lemma common_succs_subset_cylinder_succs:
  assumes "f \<in> (\<Union>a\<in>A. T a) \<rightarrow> A" "B \<subseteq> A" "B \<noteq> {}"
    and cover: "\<And>x. x \<in> A \<Longrightarrow> \<exists>y\<in>B. x \<in> baire_cylinder y (k y)"
  shows "{t. \<forall>b\<in>B. succ_of_segment (T b) (le b) (Sg b) t}
    \<subseteq> (\<Union>b\<in>B. cylinder_succs (T b) (le b) f b (Sg b) (k b))"
proof
  fix t assume t: "t \<in> {t. \<forall>b\<in>B. succ_of_segment (T b) (le b) (Sg b) t}"
  obtain b where "b \<in> B"
    using \<open>B \<noteq> {}\<close> by blast
  with t have "t \<in> T b"
    by (simp add: succ_of_segment_def)
  with assms(1,2) \<open>b \<in> B\<close> have "f t \<in> A"
    by blast
  then obtain y where "y \<in> B" "f t \<in> baire_cylinder y (k y)"
    using cover by blast
  with t show "t \<in> (\<Union>b\<in>B. cylinder_succs (T b) (le b) f b (Sg b) (k b))"
    by (auto simp: cylinder_succs_def)
qed

theorem theorem4p2:
  fixes A :: "(nat \<Rightarrow> nat) set"
    and emb :: "(nat \<Rightarrow> nat) \<Rightarrow> 't"
    and T :: "(nat \<Rightarrow> nat) \<Rightarrow> 't set"
    and le :: "(nat \<Rightarrow> nat) \<Rightarrow> 't \<Rightarrow> 't \<Rightarrow> bool"
  assumes "A \<noteq> {}"
    and "inj emb"
    and "reznichenko_family A (closed_discrete_family A) emb T le"
  shows "\<not> (\<exists>f. determining_function (\<Union>a\<in>A. T a) (R_family A T le) A f)"
proof
  assume "\<exists>f. determining_function (\<Union>a\<in>A. T a) (R_family A T le) A f"
  then obtain f where det: "determining_function (\<Union>a\<in>A. T a) (R_family A T le) A f" ..
  obtain k where k: "\<And>y. y \<in> A \<Longrightarrow> sparse_radius (T y) (le y) f y (k y)"
    using determining_function_sparse_radii[OF det reznichenko_family_tree[OF assms(3)]] by blast
  obtain B where B: "B \<in> closed_discrete_family A" "B \<noteq> {}" "countable B"
    and cover: "\<And>x. x \<in> A \<Longrightarrow> \<exists>y\<in>B. x \<in> baire_cylinder y (k y)"
    using closed_discrete_cylinder_cover[OF assms(1), of k] by blast
  then have "B \<subseteq> A"
    by (simp add: closed_discrete_family_def)
  obtain Sg where Sg: "\<And>b. b \<in> B \<Longrightarrow> finite (Sg b) \<and> is_initial_segment (T b) (le b) (Sg b) \<and>
      countable (cylinder_succs (T b) (le b) f b (Sg b) (k b))"
    and disjoint: "\<And>b b'. b \<in> B \<Longrightarrow> b' \<in> B \<Longrightarrow> b \<noteq> b' \<Longrightarrow> Sg b \<inter> Sg b' = {}"
    using reznichenko_sparse_segments[OF assms(3,2) B(3) \<open>B \<subseteq> A\<close>, of f k] k \<open>B \<subseteq> A\<close> by blast
  let ?G = "{t. \<forall>b\<in>B. succ_of_segment (T b) (le b) (Sg b) t}"
  have "?G \<subseteq> (\<Union>b\<in>B. cylinder_succs (T b) (le b) f b (Sg b) (k b))"
    using det[unfolded determining_function_def, THEN conjunct1] \<open>B \<subseteq> A\<close> B(2) cover
    by (rule common_succs_subset_cylinder_succs)
  moreover have "countable (\<Union>b\<in>B. cylinder_succs (T b) (le b) f b (Sg b) (k b))"
    using Sg by (intro countable_UN[OF B(3)]) simp
  ultimately have "countable ?G"
    by (rule countable_subset)
  moreover have "?G \<approx> (UNIV :: real set)"
    by (rule reznichenko_family_common_succs[OF assms(3) B(1)]) (simp_all add: Sg disjoint)
  ultimately have "countable (UNIV :: real set)"
    by (rule countable_eqpoll[OF _ eqpoll_sym])
  then show False
    using uncountable_UNIV_real by blast
qed

end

^^^^^^^^

Exercise goal: Your reply should match the data above exactly, line for line.

Exercise response:
lemma common_succs_subset_cylinder_succs:
  assumes "f \<in> (\<Union>a\<in>A. T a) \<rightarrow> A" "B \<subseteq> A" "B \<noteq> {}"
    and cover: "\<And>x. x \<in> A \<Longrightarrow> \<exists>y\<in>B. x \<in> baire_cylinder y (k y)"
  shows "{t. \<forall>b\<in>B. succ_of_segment (T b) (le b) (Sg b) t}
    \<subseteq> (\<Union>b\<in>B. cylinder_succs (T b) (le b) f b (Sg b) (k b))"
proof
  fix t assume t: "t \<in> {t. \<forall>b\<in>B. succ_of_segment (T b) (le b) (Sg b) t}"
  obtain b where "b \<in> B"
    using \<open>B \<noteq> {}\<close> by blast
  with t have "t \<in> T b"
    by (simp add: succ_of_segment_def)
  with assms(1,2) \<open>b \<in> B\<close> have "f t \<in> A"
    by blast
  then obtain y where "y \<in> B" "f t \<in> baire_cylinder y (k y)"
    using cover by blast
  with t show "t \<in> (\<Union>b\<in>B. cylinder_succs (T b) (le b) f b (Sg b) (k b))"
    by (auto simp: cylinder_succs_def)
qed

theorem theorem4p2:
  fixes A :: "(nat \<Rightarrow> nat) set"
    and emb :: "(nat \<Rightarrow> nat) \<Rightarrow> 't"
    and T :: "(nat \<Rightarrow> nat) \<Rightarrow> 't set"
    and le :: "(nat \<Rightarrow> nat) \<Rightarrow> 't \<Rightarrow> 't \<Rightarrow> bool"
  assumes "A \<noteq> {}"
    and "inj emb"
    and "reznichenko_family A (closed_discrete_family A) emb T le"
  shows "\<not> (\<exists>f. determining_function (\<Union>a\<in>A. T a) (R_family A T le) A f)"
proof
  assume "\<exists>f. determining_function (\<Union>a\<in>A. T a) (R_family A T le) A f"
  then obtain f where det: "determining_function (\<Union>a\<in>A. T a) (R_family A T le) A f" ..
  obtain k where k: "\<And>y. y \<in> A \<Longrightarrow> sparse_radius (T y) (le y) f y (k y)"
    using determining_function_sparse_radii[OF det reznichenko_family_tree[OF assms(3)]] by blast
  obtain B where B: "B \<in> closed_discrete_family A" "B \<noteq> {}" "countable B"
    and cover: "\<And>x. x \<in> A \<Longrightarrow> \<exists>y\<in>B. x \<in> baire_cylinder y (k y)"
    using closed_discrete_cylinder_cover[OF assms(1), of k] by blast
  then have "B \<subseteq> A"
    by (simp add: closed_discrete_family_def)
  obtain Sg where Sg: "\<And>b. b \<in> B \<Longrightarrow> finite (Sg b) \<and> is_initial_segment (T b) (le b) (Sg b) \<and>
      countable (cylinder_succs (T b) (le b) f b (Sg b) (k b))"
    and disjoint: "\<And>b b'. b \<in> B \<Longrightarrow> b' \<in> B \<Longrightarrow> b \<noteq> b' \<Longrightarrow> Sg b \<inter> Sg b' = {}"
    using reznichenko_sparse_segments[OF assms(3,2) B(3) \<open>B \<subseteq> A\<close>, of f k] k \<open>B \<subseteq> A\<close> by blast
  let ?G = "{t. \<forall>b\<in>B. succ_of_segment (T b) (le b) (Sg b) t}"
  have "?G \<subseteq> (\<Union>b\<in>B. cylinder_succs (T b) (le b) f b (Sg b) (k b))"
    using det[unfolded determining_function_def, THEN conjunct1] \<open>B \<subseteq> A\<close> B(2) cover
    by (rule common_succs_subset_cylinder_succs)
  moreover have "countable (\<Union>b\<in>B. cylinder_succs (T b) (le b) f b (Sg b) (k b))"
    using Sg by (intro countable_UN[OF B(3)]) simp
  ultimately have "countable ?G"
    by (rule countable_subset)
  moreover have "?G \<approx> (UNIV :: real set)"
    by (rule reznichenko_family_common_succs[OF assms(3) B(1)]) (simp_all add: Sg disjoint)
  ultimately have "countable (UNIV :: real set)"
    by (rule countable_eqpoll[OF _ eqpoll_sym])
  then show False
    using uncountable_UNIV_real by blast
qed

end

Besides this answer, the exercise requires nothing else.